[WHAT THE TASK REQUIRES] Everything in the listing below from the line containing "then obtain q" through the line containing "B \<in> prods" must be repeated exactly; the remaining lines are not wanted.

[INPUT FOR THIS TASK]
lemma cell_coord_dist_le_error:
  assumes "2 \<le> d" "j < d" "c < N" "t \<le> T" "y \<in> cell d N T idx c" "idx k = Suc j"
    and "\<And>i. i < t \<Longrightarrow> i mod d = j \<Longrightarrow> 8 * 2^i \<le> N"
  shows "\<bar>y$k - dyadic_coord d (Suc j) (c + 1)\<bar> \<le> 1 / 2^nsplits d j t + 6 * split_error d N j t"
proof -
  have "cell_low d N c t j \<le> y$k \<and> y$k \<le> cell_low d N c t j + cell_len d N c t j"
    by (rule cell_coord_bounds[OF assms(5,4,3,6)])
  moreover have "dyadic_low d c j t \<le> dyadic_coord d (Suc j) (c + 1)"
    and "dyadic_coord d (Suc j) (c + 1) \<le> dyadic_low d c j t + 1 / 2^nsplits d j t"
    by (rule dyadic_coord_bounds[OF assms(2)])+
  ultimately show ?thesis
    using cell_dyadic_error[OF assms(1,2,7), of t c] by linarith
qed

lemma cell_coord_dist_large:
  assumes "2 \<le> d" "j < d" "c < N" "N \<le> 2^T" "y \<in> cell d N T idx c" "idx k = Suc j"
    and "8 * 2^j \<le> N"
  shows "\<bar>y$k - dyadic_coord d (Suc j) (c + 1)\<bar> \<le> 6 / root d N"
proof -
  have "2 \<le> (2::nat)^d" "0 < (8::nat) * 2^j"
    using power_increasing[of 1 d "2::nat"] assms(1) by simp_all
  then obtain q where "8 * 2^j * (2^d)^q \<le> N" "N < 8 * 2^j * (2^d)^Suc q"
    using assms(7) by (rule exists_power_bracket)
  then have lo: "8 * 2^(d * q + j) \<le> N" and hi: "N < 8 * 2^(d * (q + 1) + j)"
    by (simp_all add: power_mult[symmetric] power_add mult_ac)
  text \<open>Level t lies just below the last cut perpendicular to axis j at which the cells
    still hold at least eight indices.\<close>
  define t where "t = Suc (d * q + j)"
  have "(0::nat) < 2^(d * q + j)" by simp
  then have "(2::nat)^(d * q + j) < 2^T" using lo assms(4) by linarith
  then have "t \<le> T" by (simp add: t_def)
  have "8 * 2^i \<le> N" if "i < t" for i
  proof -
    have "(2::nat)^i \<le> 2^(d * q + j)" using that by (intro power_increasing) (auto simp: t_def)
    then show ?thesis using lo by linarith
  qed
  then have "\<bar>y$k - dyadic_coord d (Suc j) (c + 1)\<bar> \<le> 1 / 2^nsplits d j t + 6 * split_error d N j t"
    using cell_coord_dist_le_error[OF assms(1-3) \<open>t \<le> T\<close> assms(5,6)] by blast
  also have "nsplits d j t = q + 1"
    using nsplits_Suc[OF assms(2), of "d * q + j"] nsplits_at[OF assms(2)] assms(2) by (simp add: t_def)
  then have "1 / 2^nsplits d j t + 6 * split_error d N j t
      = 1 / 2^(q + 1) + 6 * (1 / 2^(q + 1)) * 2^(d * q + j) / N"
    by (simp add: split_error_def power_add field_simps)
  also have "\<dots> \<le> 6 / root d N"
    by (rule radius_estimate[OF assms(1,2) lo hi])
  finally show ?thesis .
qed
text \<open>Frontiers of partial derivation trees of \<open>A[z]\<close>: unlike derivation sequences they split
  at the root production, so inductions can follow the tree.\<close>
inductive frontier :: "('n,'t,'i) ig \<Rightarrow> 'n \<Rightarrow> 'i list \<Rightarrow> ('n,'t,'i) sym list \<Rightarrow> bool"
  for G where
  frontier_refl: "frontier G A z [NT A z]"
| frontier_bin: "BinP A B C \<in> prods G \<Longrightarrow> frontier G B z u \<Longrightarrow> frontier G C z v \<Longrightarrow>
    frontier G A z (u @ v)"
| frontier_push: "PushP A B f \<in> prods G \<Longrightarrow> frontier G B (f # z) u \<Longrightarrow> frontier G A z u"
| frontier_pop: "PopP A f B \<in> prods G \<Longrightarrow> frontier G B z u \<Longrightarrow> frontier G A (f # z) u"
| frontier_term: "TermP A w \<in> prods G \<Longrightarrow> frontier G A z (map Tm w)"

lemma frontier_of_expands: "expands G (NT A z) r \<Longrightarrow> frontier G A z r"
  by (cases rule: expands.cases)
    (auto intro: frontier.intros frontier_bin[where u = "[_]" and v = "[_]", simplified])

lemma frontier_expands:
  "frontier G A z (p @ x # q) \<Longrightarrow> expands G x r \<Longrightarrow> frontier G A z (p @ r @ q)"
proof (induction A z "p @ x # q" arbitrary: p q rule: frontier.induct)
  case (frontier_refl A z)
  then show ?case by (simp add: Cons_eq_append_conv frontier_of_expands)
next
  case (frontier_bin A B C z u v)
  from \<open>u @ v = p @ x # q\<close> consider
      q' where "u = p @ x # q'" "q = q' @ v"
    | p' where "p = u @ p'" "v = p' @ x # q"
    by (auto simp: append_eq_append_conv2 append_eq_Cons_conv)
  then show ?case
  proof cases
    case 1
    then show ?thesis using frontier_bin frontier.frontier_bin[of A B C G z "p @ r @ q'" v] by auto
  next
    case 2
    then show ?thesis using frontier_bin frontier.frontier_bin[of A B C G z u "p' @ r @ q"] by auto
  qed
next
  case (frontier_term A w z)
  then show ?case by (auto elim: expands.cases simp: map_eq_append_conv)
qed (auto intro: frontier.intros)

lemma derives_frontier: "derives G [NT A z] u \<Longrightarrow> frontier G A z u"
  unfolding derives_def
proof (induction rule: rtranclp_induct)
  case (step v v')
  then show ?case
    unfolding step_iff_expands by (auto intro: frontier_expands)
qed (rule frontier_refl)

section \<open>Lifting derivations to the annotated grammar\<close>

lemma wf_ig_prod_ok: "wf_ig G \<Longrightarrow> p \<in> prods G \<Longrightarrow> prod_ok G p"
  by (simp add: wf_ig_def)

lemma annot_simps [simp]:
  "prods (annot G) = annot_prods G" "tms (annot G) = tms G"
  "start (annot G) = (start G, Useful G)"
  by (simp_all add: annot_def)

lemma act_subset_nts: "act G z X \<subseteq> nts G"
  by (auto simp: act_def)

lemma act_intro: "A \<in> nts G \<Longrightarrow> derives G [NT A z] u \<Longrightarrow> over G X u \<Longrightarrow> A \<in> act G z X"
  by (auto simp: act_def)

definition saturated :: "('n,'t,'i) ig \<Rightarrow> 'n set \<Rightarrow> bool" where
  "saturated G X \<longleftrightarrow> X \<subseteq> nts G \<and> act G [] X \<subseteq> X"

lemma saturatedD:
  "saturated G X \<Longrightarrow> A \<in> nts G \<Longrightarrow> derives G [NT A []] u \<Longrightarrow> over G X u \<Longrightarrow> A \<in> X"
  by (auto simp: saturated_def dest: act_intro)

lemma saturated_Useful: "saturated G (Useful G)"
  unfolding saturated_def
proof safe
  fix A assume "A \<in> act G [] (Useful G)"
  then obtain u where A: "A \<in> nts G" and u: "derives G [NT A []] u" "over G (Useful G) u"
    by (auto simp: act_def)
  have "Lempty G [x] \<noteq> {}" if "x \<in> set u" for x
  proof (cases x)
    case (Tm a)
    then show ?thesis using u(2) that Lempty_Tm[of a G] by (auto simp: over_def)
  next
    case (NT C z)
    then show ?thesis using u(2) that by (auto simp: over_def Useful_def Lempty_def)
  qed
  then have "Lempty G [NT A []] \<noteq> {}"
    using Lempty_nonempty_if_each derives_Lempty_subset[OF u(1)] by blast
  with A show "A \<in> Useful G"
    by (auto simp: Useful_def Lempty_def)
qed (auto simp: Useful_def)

[COMPLETED EXERCISE]
  then obtain q where "8 * 2^j * (2^d)^q \<le> N" "N < 8 * 2^j * (2^d)^Suc q"
    using assms(7) by (rule exists_power_bracket)
  then have lo: "8 * 2^(d * q + j) \<le> N" and hi: "N < 8 * 2^(d * (q + 1) + j)"
    by (simp_all add: power_mult[symmetric] power_add mult_ac)
  text \<open>Level t lies just below the last cut perpendicular to axis j at which the cells
    still hold at least eight indices.\<close>
  define t where "t = Suc (d * q + j)"
  have "(0::nat) < 2^(d * q + j)" by simp
  then have "(2::nat)^(d * q + j) < 2^T" using lo assms(4) by linarith
  then have "t \<le> T" by (simp add: t_def)
  have "8 * 2^i \<le> N" if "i < t" for i
  proof -
    have "(2::nat)^i \<le> 2^(d * q + j)" using that by (intro power_increasing) (auto simp: t_def)
    then show ?thesis using lo by linarith
  qed
  then have "\<bar>y$k - dyadic_coord d (Suc j) (c + 1)\<bar> \<le> 1 / 2^nsplits d j t + 6 * split_error d N j t"
    using cell_coord_dist_le_error[OF assms(1-3) \<open>t \<le> T\<close> assms(5,6)] by blast
  also have "nsplits d j t = q + 1"
    using nsplits_Suc[OF assms(2), of "d * q + j"] nsplits_at[OF assms(2)] assms(2) by (simp add: t_def)
  then have "1 / 2^nsplits d j t + 6 * split_error d N j t
      = 1 / 2^(q + 1) + 6 * (1 / 2^(q + 1)) * 2^(d * q + j) / N"
    by (simp add: split_error_def power_add field_simps)
  also have "\<dots> \<le> 6 / root d N"
    by (rule radius_estimate[OF assms(1,2) lo hi])
  finally show ?thesis .
qed
text \<open>Frontiers of partial derivation trees of \<open>A[z]\<close>: unlike derivation sequences they split
  at the root production, so inductions can follow the tree.\<close>
inductive frontier :: "('n,'t,'i) ig \<Rightarrow> 'n \<Rightarrow> 'i list \<Rightarrow> ('n,'t,'i) sym list \<Rightarrow> bool"
  for G where
  frontier_refl: "frontier G A z [NT A z]"
| frontier_bin: "BinP A B C \<in> prods G \<Longrightarrow> frontier G B z u \<Longrightarrow> frontier G C z v \<Longrightarrow>
    frontier G A z (u @ v)"
| frontier_push: "PushP A B f \<in> prods G \<Longrightarrow> frontier G B (f # z) u \<Longrightarrow> frontier G A z u"
| frontier_pop: "PopP A f B \<in> prods G \<Longrightarrow> frontier G B z u \<Longrightarrow> frontier G A (f # z) u"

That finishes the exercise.